Similarly, this method can be generalized to make broader corrections. In fact, in a subsequent
work[40] they adapt this method to perform mass corrections across the model weights. Then
they evaluate whether the model only edits knowledge for the specific context given in the
prompt or if it can generalize by asking questions about the same fact using different questions
or contexts.
   These techniques hold great potential in tackling bias, enhancing the accuracy, and bolstering
the reliability of language models. By facilitating targeted edits that align with desired outcomes,
these approaches enable the mitigation of unwanted biases in the models’ responses. As a
result, they contribute to an improved understanding of fairness and ensure more reliable and
unbiased outputs from language models.


3. Relevance of the problem
Every day, these enormous models are increasingly integrated into various products and pro-
duction systems. However, this integration comes with its own set of challenges. From an
economic standpoint, utilizing a biased system can lead to significant disadvantages, as it may
not function effectively for all users. On the other hand, the impact of these models on people’s
lives cannot be overlooked. There are specific contexts, such as systems for resource distribution,
employment, or bank credit, where it is crucial to avoid using models that may contain any
form of bias. Therefore, it is imperative to thoroughly study bias in data models and understand
its underlying causes. This knowledge will enable us to either avoid deploying biased models
altogether or develop strategies to mitigate harmful biases when they arise.

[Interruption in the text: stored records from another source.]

(* Let $\mathcal T\ge2$, $\mathcal S\ge\max\{2\mathcal T,6\}$, and $(t,x)\in\mathbb R\times\mathbb R^3$ with $|t-|x||\le1$ and $|x|\ge\max\{12,\mathcal T,2\mathcal S\}$. Then $$\int_{|x-y|\le t+\mathcal T}\frac{dy}{|x-y||y|^4}\mathbf 1_{\{|y|\ge\frac12(1+|t-|x-y||)\}}\le C(1+\mathcal T)\frac{1}{|x|},$$ with $C$ an absolute constant. *)

theory Defs
  imports "HOL-Analysis.Analysis"
begin

end

theory Submission
  imports Defs
begin

(* Split the integrand according to whether |y| < |x|/4. There |x - y| \<ge> |x|/2, so the integrand
   is at most (2/|x|) |y|^-4 restricted to |y| \<ge> 1/2, whose integral is finite because 4 > 3.
   Elsewhere |y|^-4 \<le> (4/|x|)^4, while |x - y|^-1 integrates to O(R^2) over a ball of radius
   R = 3|x|, which contributes O(1/|x|^2). Both model integrals are bounded by a dyadic covering
   of the singularity: a function that is dominated at every point by one of the weighted
   indicators a_k 1_{B(c, \<rho>_k)} has integral at most vol(B_1) \<Sum> a_k \<rho>_k^n. *)

lemma nn_integral_le_ball_series:
  fixes c :: "'a::euclidean_space" and g :: "'a \<Rightarrow> real" and a \<rho> b :: "nat \<Rightarrow> real"
  assumes a: "\<And>k. 0 \<le> a k" and \<rho>: "\<And>k. 0 \<le> \<rho> k"
    and g_le: "\<And>y. \<exists>k. g y \<le> a k * indicator (cball c (\<rho> k)) y"
    and b: "\<And>k. a k * \<rho> k ^ DIM('a) \<le> b k" and sums: "b sums s"
  shows "(\<integral>\<^sup>+ y. ennreal (g y) \<partial>lborel) \<le> ennreal (unit_ball_vol DIM('a) * s)"
proof -
  define V where "V = unit_ball_vol DIM('a)"
  have [measurable]: "cball c r \<in> sets borel" for r
    by (simp add: borel_closed)
  have ball_integral: "(\<integral>\<^sup>+ y. ennreal (a k * indicator (cball c (\<rho> k)) y) \<partial>lborel)
      = ennreal (V * (a k * \<rho> k ^ DIM('a)))" for k
  proof -
    have "(\<integral>\<^sup>+ y. ennreal (a k * indicator (cball c (\<rho> k)) y) \<partial>lborel)
        = ennreal (a k) * emeasure lborel (cball c (\<rho> k))"
      by (subst nn_integral_cmult_indicator[symmetric]) (auto intro!: nn_integral_cong simp: indicator_def)
    then show ?thesis
      using a[of k] \<rho>[of k] by (simp add: V_def emeasure_cball ennreal_mult'[symmetric] mult_ac)
  qed
  have summable: "summable (\<lambda>k. a k * \<rho> k ^ DIM('a))"
  proof (rule summable_comparison_test'[OF sums_summable[OF sums]])
    show "norm (a k * \<rho> k ^ DIM('a)) \<le> b k" for k
      using a[of k] \<rho>[of k] b[of k] by simp
  qed
  have sum_le: "(\<Sum>k. a k * \<rho> k ^ DIM('a)) \<le> s"
    using suminf_le[OF b summable sums_summable[OF sums]] sums_unique[OF sums] by simp
  have "ennreal (g y) \<le> (\<Sum>k. ennreal (a k * indicator (cball c (\<rho> k)) y))" for y
  proof -
    obtain k where "g y \<le> a k * indicator (cball c (\<rho> k)) y"
      using g_le by blast
    then have "ennreal (g y) \<le> ennreal (a k * indicator (cball c (\<rho> k)) y)"
      by (rule ennreal_leI)
    also have "\<dots> \<le> (\<Sum>k. ennreal (a k * indicator (cball c (\<rho> k)) y))"
      using sum_le_suminf[OF summableI, of "{k}"] by simp
    finally show ?thesis .
  qed
  then have "(\<integral>\<^sup>+ y. ennreal (g y) \<partial>lborel)
      \<le> (\<integral>\<^sup>+ y. (\<Sum>k. ennreal (a k * indicator (cball c (\<rho> k)) y)) \<partial>lborel)"
    by (intro nn_integral_mono)
  also have "\<dots> = (\<Sum>k. ennreal (V * (a k * \<rho> k ^ DIM('a))))"
    by (subst nn_integral_suminf) (simp_all add: ball_integral)
  also have "\<dots> = ennreal (V * (\<Sum>k. a k * \<rho> k ^ DIM('a)))"
    using a \<rho> summable by (simp add: V_def suminf_ennreal2 summable_mult suminf_mult)
  also have "\<dots> \<le> ennreal (V * s)"
    using sum_le by (intro ennreal_leI mult_left_mono) (simp_all add: V_def)
  finally show ?thesis
    by (simp add: V_def)
qed

lemma dyadic_scale_below:
  fixes z R :: real
  assumes "0 < z" "z \<le> R"
  obtains k where "R / 2 ^ Suc k < z" "z \<le> R / 2 ^ k"
proof -
  have "\<exists>k. R / 2 ^ k < z"
    using real_arch_pow_inv[of "z / R" "1/2"] assms by (auto simp: field_simps)
  then have "\<exists>k. \<not> R / 2 ^ k < z \<and> R / 2 ^ Suc k < z"
    using assms by (intro exists_least_lemma) auto
  then show thesis
    using that by force
qed

lemma dyadic_scale_above:
  fixes z :: real
  assumes "1 \<le> 2 * z"
  obtains k where "z \<le> 2 ^ k" "2 ^ k \<le> 2 * z"
proof (cases "z \<le> 1")
  case True
  with assms that[of 0] show thesis by simp
next
  case False
  have "\<exists>k. \<not> z \<le> 2 ^ k \<and> z \<le> 2 ^ Suc k"
    using False real_arch_pow[of 2 z] by (intro exists_least_lemma) (auto intro: less_imp_le)
  then obtain k where "2 ^ k < z" "z \<le> 2 ^ Suc k"
    using not_le by blast
  then show thesis
    by (intro that[of "Suc k"]) auto
qed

   Furthermore, when a language model is identified as not performing adequately in a pro-
duction system, such as a commercial product, companies face important decisions. Given
the immense size and cost associated with training these models, some proposed solutions
may be difficult to justify from an economic perspective. For instance, training the model
from scratch with revised, filtered, or corrected training data would entail significant expenses.
Another option, albeit costly, could involve discontinuing the use of the model, as a poorly
performing model is unsuitable for deployment in production systems. This proposition gains
some relevance considering the potential non-compliance of such models with new European
AI regulations[41]. Alternatively, more practical approaches could involve retraining the model
or leveraging state-of-the-art bias mitigation techniques to address the identified issues.
   The choice of approach will depend on various factors, including the severity of the bias,
the feasibility of retraining or mitigating the model, and the legal and ethical obligations that
must be met. Regardless of the chosen course of action, it is essential to proactively address and
rectify bias issues to ensure responsible and fair deployment of language models in real-world
applications. By doing so, we can foster inclusivity, promote equitable outcomes, and uphold
the principles of fairness and ethical AI.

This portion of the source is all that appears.